A celebrity sex tape is typically an amateur pornographic video recording involving one or more famous people which has, intentionally or unintentionally, been made available publicly. Such videos have often been released without the consent of their subjects and have damaged (or enhanced) celebrities' careers. In 1988, for example, a sex tape caused significant damage to Rob Lowe's career.

The surfacing of sex tapes has become so common that some are "leaked" as a marketing tool to advance or establish a media career. A celebrity can fight the release in court to maintain deniability while still enjoying the career benefits. Alternatively, a celebrity may take the route of openly releasing the tape and benefitting directly from royalties as well as indirectly from the publicity. The public acceptance of celebrities with sex tapes is speculated by Joe Levy, executive editor of Rolling Stone, to be due to the easy availability of pornography, as well as couples more commonly making their own tapes due to the prevalence of video cameras.

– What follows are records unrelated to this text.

(* Let $U\in C^{3}(\mathbb{R}^{d})$ be a Morse function, $\boldsymbol{\ell}$ a $C^{1}$ vector field with $\nabla U\cdot\boldsymbol{\ell}\equiv0$, and $\boldsymbol{\sigma}$ a critical point of $U$ such that $\mathbb{H}=\nabla^{2}U(\boldsymbol{\sigma})$ has eigenvalues $-\lambda_{1},\lambda_{2},\dots,\lambda_{d}$ with $\lambda_{1},\dots,\lambda_{d}>0$ and corresponding orthonormal eigenvectors $\boldsymbol{e}_{1},\dots,\boldsymbol{e}_{d}$. Let $\mathbb{L}=D\boldsymbol{\ell}(\boldsymbol{\sigma})$, let $-\mu$ be the unique negative eigenvalue of $\mathbb{H}-\mathbb{L}^{\dagger}$, and let $\boldsymbol{v}$ be a unit eigenvector of $\mathbb{H}-\mathbb{L}^{\dagger}$ for $-\mu$. Then \[ \boldsymbol{v}\cdot\mathbb{H}^{-1}\boldsymbol{v}\,=\,-\frac{(\boldsymbol{v}\cdot\boldsymbol{e}_{1})^{2}}{\lambda_{1}}+\sum_{k=2}^{d}\frac{(\boldsymbol{v}\cdot\boldsymbol{e}_{k})^{2}}{\lambda_{k}}\,=\,-\frac{1}{\mu}\,<\,0. \]
   Context: $\mathbb{L}^{\dagger}$ is the transpose of $\mathbb{L}$. Under these hypotheses $\mathbb{H}-\mathbb{L}^{\dagger}$ is similar to $\mathbb{H}+\mathbb{L}$, which is invertible with exactly one negative eigenvalue, so $\mu>0$ is well defined. *)

theory Defs
  imports "HOL-Analysis.Analysis"
begin

definition jacobian :: "(real^'n \<Rightarrow> real^'m) \<Rightarrow> real^'n \<Rightarrow> real^'n^'m" where
  "jacobian f x = matrix (frechet_derivative f (at x))"

definition C1_map :: "(real^'n \<Rightarrow> real^'m) \<Rightarrow> bool" where
  "C1_map f \<longleftrightarrow> (\<forall>x. f differentiable (at x)) \<and> continuous_on UNIV (jacobian f)"

definition grad :: "(real^'n \<Rightarrow> real) \<Rightarrow> real^'n \<Rightarrow> real^'n" where
  "grad U x = (\<chi> i. frechet_derivative U (at x) (axis i 1))"

definition hessian :: "(real^'n \<Rightarrow> real) \<Rightarrow> real^'n \<Rightarrow> real^'n^'n" where
  "hessian U x = jacobian (grad U) x"

definition C3_fun :: "(real^'n \<Rightarrow> real) \<Rightarrow> bool" where
  "C3_fun U \<longleftrightarrow> (\<forall>x. U differentiable (at x)) \<and> C1_map (grad U)
      \<and> (\<forall>i. C1_map (\<lambda>x. hessian U x $ i))"

definition morse :: "(real^'n \<Rightarrow> real) \<Rightarrow> bool" where
  "morse U \<longleftrightarrow> (\<forall>x. grad U x = 0 \<longrightarrow> invertible (hessian U x))"

definition is_eigenvalue :: "real^'n^'n \<Rightarrow> real \<Rightarrow> bool" where
  "is_eigenvalue A c \<longleftrightarrow> (\<exists>w. w \<noteq> 0 \<and> A *v w = c *\<^sub>R w)"

end

theory Submission
  imports Defs
begin

(* Differentiating grad U . l = 0 at the nondegenerate critical point sigma gives first
   l(sigma) = 0 and then, to second order along each line sigma + t w, (H w) . (L w) = 0,
   i.e. H L is skew. With u = H^-1 v, pairing the eigen-equation (H - L^T) v = -mu v with u gives
   -mu (v . u) = (H u) . v - (L u) . v = v . v - (L u) . (H u) = 1, so v . H^-1 v = -1/mu;
   expanding u in the eigenbasis of H yields the middle expression. *)

lemma has_derivative_jacobian:
  fixes f :: "real^'a \<Rightarrow> real^'b"
  assumes "f differentiable (at x)"
  shows "(f has_derivative (\<lambda>h. jacobian f x *v h)) (at x)"
  using Cartesian_Euclidean_Space.jacobian_works[of f "at x"] assms
  unfolding Defs.jacobian_def Cartesian_Euclidean_Space.jacobian_def by simp

lemma has_vector_derivative_imp_tendsto_quotient:
  fixes f :: "real \<Rightarrow> 'a::real_normed_vector"
  assumes "(f has_vector_derivative f') (at x)"
  shows "((\<lambda>y. (f y - f x) /\<^sub>R (y - x)) \<longlongrightarrow> f') (at x)"
proof -
  have lim: "((\<lambda>y. norm (f y - f x - (y - x) *\<^sub>R f') / norm (y - x)) \<longlongrightarrow> 0) (at x)"
    using assms by (simp add: has_vector_derivative_def has_derivative_iff_norm)
  have quotient: "norm (f y - f x - (y - x) *\<^sub>R f') / norm (y - x)
      = norm ((f y - f x) /\<^sub>R (y - x) - f')" if "y \<noteq> x" for y
  proof -
    have "(f y - f x) /\<^sub>R (y - x) - f' = (f y - f x - (y - x) *\<^sub>R f') /\<^sub>R (y - x)"
      using that by (simp only: scaleR_right_diff_distrib scaleR_scaleR) simp
    then show ?thesis by (simp add: divide_inverse mult.commute)
  qed
  have "((\<lambda>y. norm ((f y - f x) /\<^sub>R (y - x) - f')) \<longlongrightarrow> 0) (at x)"
    using lim by (rule Lim_transform_eventually) (simp add: eventually_at_filter quotient[symmetric])
  then show ?thesis
    by (simp add: tendsto_norm_zero_iff LIM_zero_iff)
qed

lemma has_vector_derivative_along_line:
  assumes "(G has_derivative G') (at s)"
  shows "((\<lambda>t. G (s + t *\<^sub>R w)) has_vector_derivative G' w) (at 0)"
proof -
  have "((\<lambda>t. s + t *\<^sub>R w) has_derivative (\<lambda>t. t *\<^sub>R w)) (at 0)"
    by (auto intro!: derivative_eq_intros)
  then have "((G \<circ> (\<lambda>t. s + t *\<^sub>R w)) has_derivative (G' \<circ> (\<lambda>t. t *\<^sub>R w))) (at 0)"
    by (rule diff_chain_at) (use assms in simp)
  moreover have "G' (t *\<^sub>R w) = t *\<^sub>R G' w" for t
    using has_derivative_linear[OF assms] by (simp add: linear_scale)
  ultimately show ?thesis by (simp add: has_vector_derivative_def o_def)
qed

lemma inner_zero_imp_zero_at_regular_zero:
  fixes G F :: "'a::real_normed_vector \<Rightarrow> 'b::real_inner"
  assumes G: "(G has_derivative G') (at s)" and F: "(F has_derivative F') (at s)"
    and orth: "\<And>x. G x \<bullet> F x = 0" and zero: "G s = 0" and surj: "surj G'"
  shows "F s = 0"
proof -
  have "((\<lambda>x. G x \<bullet> F x) has_derivative (\<lambda>h. G s \<bullet> F' h + G' h \<bullet> F s)) (at s)"
    using G F by (rule has_derivative_inner)
  moreover have "((\<lambda>x. G x \<bullet> F x) has_derivative (\<lambda>h. 0)) (at s)"
    using orth by simp
  ultimately have "(\<lambda>h. G s \<bullet> F' h + G' h \<bullet> F s) = (\<lambda>h. 0)"
    by (rule has_derivative_unique)
  then have "G' h \<bullet> F s = 0" for h
    using zero by (metis inner_zero_left add_0)
  moreover obtain h where "G' h = F s"
    using surj by (metis surjD)
  ultimately show ?thesis by (metis inner_eq_zero_iff)
qed

lemma inner_derivatives_zero_at_common_zero:
  fixes G F :: "'a::real_normed_vector \<Rightarrow> 'b::real_inner"
  assumes G: "(G has_derivative G') (at s)" and F: "(F has_derivative F') (at s)"
    and orth: "\<And>x. G x \<bullet> F x = 0" and "G s = 0" and "F s = 0"
  shows "G' w \<bullet> F' w = 0"
proof -
  have "((\<lambda>t. G (s + t *\<^sub>R w) /\<^sub>R t) \<longlongrightarrow> G' w) (at 0)"
    using has_vector_derivative_imp_tendsto_quotient[OF has_vector_derivative_along_line[OF G]]
      \<open>G s = 0\<close> by simp
  moreover have "((\<lambda>t. F (s + t *\<^sub>R w) /\<^sub>R t) \<longlongrightarrow> F' w) (at 0)"
    using has_vector_derivative_imp_tendsto_quotient[OF has_vector_derivative_along_line[OF F]]
      \<open>F s = 0\<close> by simp
  ultimately have "((\<lambda>t. (G (s + t *\<^sub>R w) /\<^sub>R t) \<bullet> (F (s + t *\<^sub>R w) /\<^sub>R t))
      \<longlongrightarrow> G' w \<bullet> F' w) (at (0::real))"
    by (rule tendsto_inner)
  then have "((\<lambda>t. 0) \<longlongrightarrow> G' w \<bullet> F' w) (at (0::real))"
    using orth by simp
  then show ?thesis
    by (simp add: tendsto_const_iff)
qed

lemma inner_derivatives_zero_at_regular_zero:
  fixes G F :: "'a::real_normed_vector \<Rightarrow> 'b::real_inner"
  assumes G: "(G has_derivative G') (at s)" and F: "(F has_derivative F') (at s)"
    and orth: "\<And>x. G x \<bullet> F x = 0" and "G s = 0" and "surj G'"
  shows "G' w \<bullet> F' w = 0"
proof -
  have "F s = 0"
    using assms by (rule inner_zero_imp_zero_at_regular_zero)
  with G F orth \<open>G s = 0\<close> show ?thesis
    by (rule inner_derivatives_zero_at_common_zero)
qed

lemma matrix_inv_cancel:
  fixes A :: "'a::comm_semiring_1^'n^'n"
  assumes "invertible A"
  shows matrix_inv_mult_cancel: "matrix_inv A *v (A *v x) = x"
    and mult_matrix_inv_cancel: "A *v (matrix_inv A *v y) = y"
proof -
  have "A ** matrix_inv A = mat 1 \<and> matrix_inv A ** A = mat 1"
    unfolding matrix_inv_def using assms[unfolded invertible_def] by (rule someI_ex)
  then show "matrix_inv A *v (A *v x) = x" "A *v (matrix_inv A *v y) = y"
    by (simp_all add: matrix_vector_mul_assoc)
qed

lemma inner_matrix_inv_eigenvector:
  fixes H L :: "real^'n^'n"
  assumes symmetric: "\<And>x y. (H *v x) \<bullet> y = x \<bullet> (H *v y)" and "invertible H"
    and skew: "\<And>w. (H *v w) \<bullet> (L *v w) = 0"
    and eigen: "(H - transpose L) *v v = c *\<^sub>R v" and unit: "v \<bullet> v = 1"
  shows "c * (v \<bullet> (matrix_inv H *v v)) = 1"
proof -
  define u where "u = matrix_inv H *v v"
  have Hu: "H *v u = v"
    unfolding u_def using \<open>invertible H\<close> by (rule mult_matrix_inv_cancel)
  have "c * (v \<bullet> u) = u \<bullet> ((H - transpose L) *v v)"
    using eigen by (simp add: inner_commute)
  also have "\<dots> = u \<bullet> (H *v v) - u \<bullet> (transpose L *v v)"
    by (simp add: matrix_vector_mult_diff_rdistrib inner_diff_right del: transpose_matrix_vector)
  also have "u \<bullet> (H *v v) = v \<bullet> v"
    using symmetric[of u v] Hu by (simp add: inner_commute)
  also have "u \<bullet> (transpose L *v v) = (H *v u) \<bullet> (L *v u)"
    using Hu by (metis dot_lmul_matrix inner_commute transpose_matrix_vector)
  finally show ?thesis
    using unit skew[of u] by (simp add: u_def)
qed

locale orthonormal_eigenbasis =
  fixes H :: "real^'n^'n" and e :: "'n \<Rightarrow> real^'n" and s :: "'n \<Rightarrow> real"
  assumes orthonormal: "\<And>i j. e i \<bullet> e j = (if i = j then 1 else 0)"
    and eigen: "\<And>k. H *v e k = s k *\<^sub>R e k"
begin

lemma expansion: "x = (\<Sum>k\<in>UNIV. (x \<bullet> e k) *\<^sub>R e k)"
proof -
  define E :: "real^'n^'n" where "E = (\<chi> k. e k)"
  have "E ** transpose E = mat 1"
    using orthonormal by (simp add: vec_eq_iff matrix_matrix_mult_def mat_def transpose_def
        inner_vec_def E_def)
  then have "transpose E ** E = mat 1"
    by (simp add: matrix_left_right_inverse)
  then have "x = transpose E *v (E *v x)"
    by (simp add: matrix_vector_mul_assoc del: transpose_matrix_vector)
  also have "\<dots> = (\<Sum>k\<in>UNIV. (x \<bullet> e k) *\<^sub>R e k)"
    by (simp add: vec_eq_iff matrix_vector_mult_def transpose_def sum_component E_def
        inner_vec_def mult.commute del: transpose_matrix_vector)
  finally show ?thesis .
qed

lemma mult_vector_sum:
  "H *v (\<Sum>k\<in>UNIV. c k *\<^sub>R e k) = (\<Sum>k\<in>UNIV. (c k * s k) *\<^sub>R e k)"
  by (simp add: linear_sum[OF matrix_vector_mul_linear] matrix_vector_mult_scaleR eigen)

lemma inner_mult_vector: "(H *v x) \<bullet> y = (\<Sum>k\<in>UNIV. s k * (x \<bullet> e k) * (y \<bullet> e k))"
proof -
  have "H *v x = (\<Sum>k\<in>UNIV. ((x \<bullet> e k) * s k) *\<^sub>R e k)"
    by (subst expansion[of x]) (rule mult_vector_sum)
  then show ?thesis
    by (simp add: inner_sum_left inner_sum_right inner_commute mult_ac)
qed

lemma symmetric: "(H *v x) \<bullet> y = x \<bullet> (H *v y)"
  by (simp add: inner_mult_vector inner_commute[of x] mult_ac)

lemma matrix_inv_mult_vector:
  assumes nonzero: "\<And>k. s k \<noteq> 0"
  shows "invertible H" and "matrix_inv H *v y = (\<Sum>k\<in>UNIV. (y \<bullet> e k / s k) *\<^sub>R e k)"
proof -
  have right_inverse: "H *v (\<Sum>k\<in>UNIV. (z \<bullet> e k / s k) *\<^sub>R e k) = z" for z
    by (subst (2) expansion[of z]) (simp add: mult_vector_sum nonzero)
  then show "invertible H"
    unfolding invertible_right_inverse matrix_right_invertible_surjective surj_def by metis
  then show "matrix_inv H *v y = (\<Sum>k\<in>UNIV. (y \<bullet> e k / s k) *\<^sub>R e k)"
    by (metis right_inverse matrix_inv_mult_cancel)
qed

lemma inner_matrix_inv:
  assumes "\<And>k. s k \<noteq> 0"
  shows "y \<bullet> (matrix_inv H *v y) = (\<Sum>k\<in>UNIV. (y \<bullet> e k)\<^sup>2 / s k)"
  by (simp add: matrix_inv_mult_vector[OF assms] inner_sum_right power2_eq_square)

end

theorem lemma8p1:
  fixes U :: "real^'n \<Rightarrow> real" and ell :: "real^'n \<Rightarrow> real^'n"
    and sigma v :: "real^'n" and lam :: "'n \<Rightarrow> real" and e :: "'n \<Rightarrow> real^'n"
    and i1 :: 'n and mu :: real
  assumes U_C3: "C3_fun U" and U_morse: "morse U"
    and l_C1: "C1_map ell" and orth: "\<And>x. grad U x \<bullet> ell x = 0"
    and crit: "grad U sigma = 0"
    and lam_pos: "\<And>k. lam k > 0"
    and e_orthonormal: "\<And>i j. e i \<bullet> e j = (if i = j then 1 else 0)"
    and e_eigen: "\<And>k. hessian U sigma *v e k = (if k = i1 then - lam k else lam k) *\<^sub>R e k"
    and mu_pos: "mu > 0"
    and mu_eig: "is_eigenvalue (hessian U sigma - transpose (jacobian ell sigma)) (- mu)"
    and mu_unique: "\<And>c. c < 0 \<Longrightarrow> is_eigenvalue (hessian U sigma - transpose (jacobian ell sigma)) c \<Longrightarrow> c = - mu"
    and v_unit: "norm v = 1"
    and v_eig: "(hessian U sigma - transpose (jacobian ell sigma)) *v v = (- mu) *\<^sub>R v"
  shows "v \<bullet> (matrix_inv (hessian U sigma) *v v)
           = - (v \<bullet> e i1)\<^sup>2 / lam i1 + (\<Sum>k\<in>UNIV - {i1}. (v \<bullet> e k)\<^sup>2 / lam k)
      \<and> - (v \<bullet> e i1)\<^sup>2 / lam i1 + (\<Sum>k\<in>UNIV - {i1}. (v \<bullet> e k)\<^sup>2 / lam k) = - 1 / mu
      \<and> - 1 / mu < 0"
proof -
  define H where "H = hessian U sigma"
  define L where "L = jacobian ell sigma"
  define s where "s k = (if k = i1 then - lam k else lam k)" for k
  interpret orthonormal_eigenbasis H e s
    using e_orthonormal e_eigen by unfold_locales (simp_all add: H_def s_def)
  have s_nonzero: "s k \<noteq> 0" for k
    using lam_pos[of k] by (auto simp add: s_def)
  have "invertible H"
    using matrix_inv_mult_vector(1)[OF s_nonzero] .
  have grad_derivative: "(grad U has_derivative (\<lambda>h. H *v h)) (at sigma)"
    using U_C3 unfolding C3_fun_def C1_map_def H_def hessian_def
    by (blast intro: has_derivative_jacobian)
  have ell_derivative: "(ell has_derivative (\<lambda>h. L *v h)) (at sigma)"
    using l_C1 unfolding C1_map_def L_def by (blast intro: has_derivative_jacobian)
  have skew: "(H *v w) \<bullet> (L *v w) = 0" for w
    using grad_derivative ell_derivative orth crit
    by (rule inner_derivatives_zero_at_regular_zero)
      (use \<open>invertible H\<close> in \<open>simp add: invertible_eq_bij bij_is_surj\<close>)
  have "- mu * (v \<bullet> (matrix_inv H *v v)) = 1"
    using symmetric \<open>invertible H\<close> skew
  proof (rule inner_matrix_inv_eigenvector)
    show "(H - transpose L) *v v = - mu *\<^sub>R v" "v \<bullet> v = 1"
      using v_eig v_unit by (simp_all add: H_def L_def norm_eq_1)
  qed
  then have inv_form: "v \<bullet> (matrix_inv H *v v) = - 1 / mu"
    using mu_pos by (simp add: field_simps)
  have "v \<bullet> (matrix_inv H *v v) = (\<Sum>k\<in>UNIV. (v \<bullet> e k)\<^sup>2 / s k)"
    by (rule inner_matrix_inv[OF s_nonzero])
  also have "\<dots> = (v \<bullet> e i1)\<^sup>2 / s i1 + (\<Sum>k\<in>UNIV - {i1}. (v \<bullet> e k)\<^sup>2 / s k)"
    by (simp add: sum.remove)
  also have "\<dots> = - (v \<bullet> e i1)\<^sup>2 / lam i1 + (\<Sum>k\<in>UNIV - {i1}. (v \<bullet> e k)\<^sup>2 / lam k)"
    by (simp add: s_def)
  finally show ?thesis
    using inv_form mu_pos by (simp add: H_def)
qed

end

==Famous celebrity sex tapes==
The following is an alphabetical list by surname of individuals known to have their sexual acts recorded and distributed:

=== A ===
- Farrah Abraham, the former Teen Mom star, had a pornographic film released by Vivid Entertainment in May 2013 that was marketed as a sex tape. The video featured her having sex with porn star James Deen which she legally sold to Vivid reportedly for $1.5 million. Abraham defended her decision to make the video claiming that she wanted to "celebrate [her] awesome body".
- Pamela Anderson has appeared in two distinct sex tapes.
  - Pamela Anderson and then-husband Tommy Lee had various interludes from their honeymoon placed online by Seth Warshavsky of the Internet Entertainment Group in 1997 as one of the earliest internet celebrity sex tapes.
  - Pamela Anderson and Bret Michaels (singer of the band Poison) had a sex tape released as a DVD on 7 September 2005. The footage had been circulating on the internet for many years.

=== B ===
- Joe Barton, a US Congressman from Texas, came to national attention when nude selfie photos of him and video he had taken of himself masturbating both surfaced online in 2017.
- Wally Bayola An intimate video of this Filipino noontime show host and celebrity, with a dancer of the group "EB Babe" surfaced on YouTube in 2013.
- Chuck Berry, American musician who recorded videos of himself urinating on and engaging in coprophilia with women.

=== C ===
- Chyna – Former professional wrestler Joanie Laurer made her adult film debut with the 2004 video 1 Night in China. Laurer and Sean Waltman approached Red Light District Video to distribute the homemade video. She then appeared in her second video entitled Another Night in China in 2009. In 2011, Chyna starred in her first professional pornographic film for Vivid Video entitled Backdoor to Chyna. She also starred for Vivid as She-Hulk in their parody of The Avengers, released in May 2012. A spinoff feature centered on the She-Hulk character titled She-Hulk XXX was released to video in April 2013.
- Chu Mei-feng had a 47-minute video CD secretly taken with a pinhole camera, released by a local paparazzi magazine in December 2001. The video showed Chu having sex with Tseng Chung-ming, who was later confirmed as a married man. Despite local authorities' immediate effort to pull all the magazines in question from the market, the video quickly spread via the Internet. In January 2002, search engine Lycos reported that her name was among the most searched terms.
- Chua Soi Lek, while serving as Malaysia's Health Minister, was secretly videotaped having sex. Two resulting DVDs were distributed freely and anonymously to various homes in Batu Pahat. On 2 January 2008, Chua announced his resignation, despite saying he would not do so the previous day.
- Daniella Cicarelli is a former Brazilian TV show hostess for MTV Brasil and fashion model. Her sex video was broadcast on the TV show Dolce Vita on Spanish channel Telecinco. It revealed Cicarelli on a beach in Spain fondling her boyfriend, Merrill Lynch employee Renato "Tato" Malzoni, and later having sex with him in the water.
- Tulisa Contostavlos is a British singer/actress and during her time on talent show The X Factor, on which she was a judge, a tape was released that showed her giving oral sex to her ex-boyfriend, rapper Justin Edwards, also known as MC Ultra. She also got her lawyers to take it off the internet and released a YouTube video to put "her side of the story" across to the public.

=== D ===
- Fred Durst, the frontman for the band Limp Bizkit, had a video of him and an unknown woman having sex leaked onto the Internet by a repairman who had been repairing his computer. He later sued the website Gawker and nine others for $70 million for publishing it.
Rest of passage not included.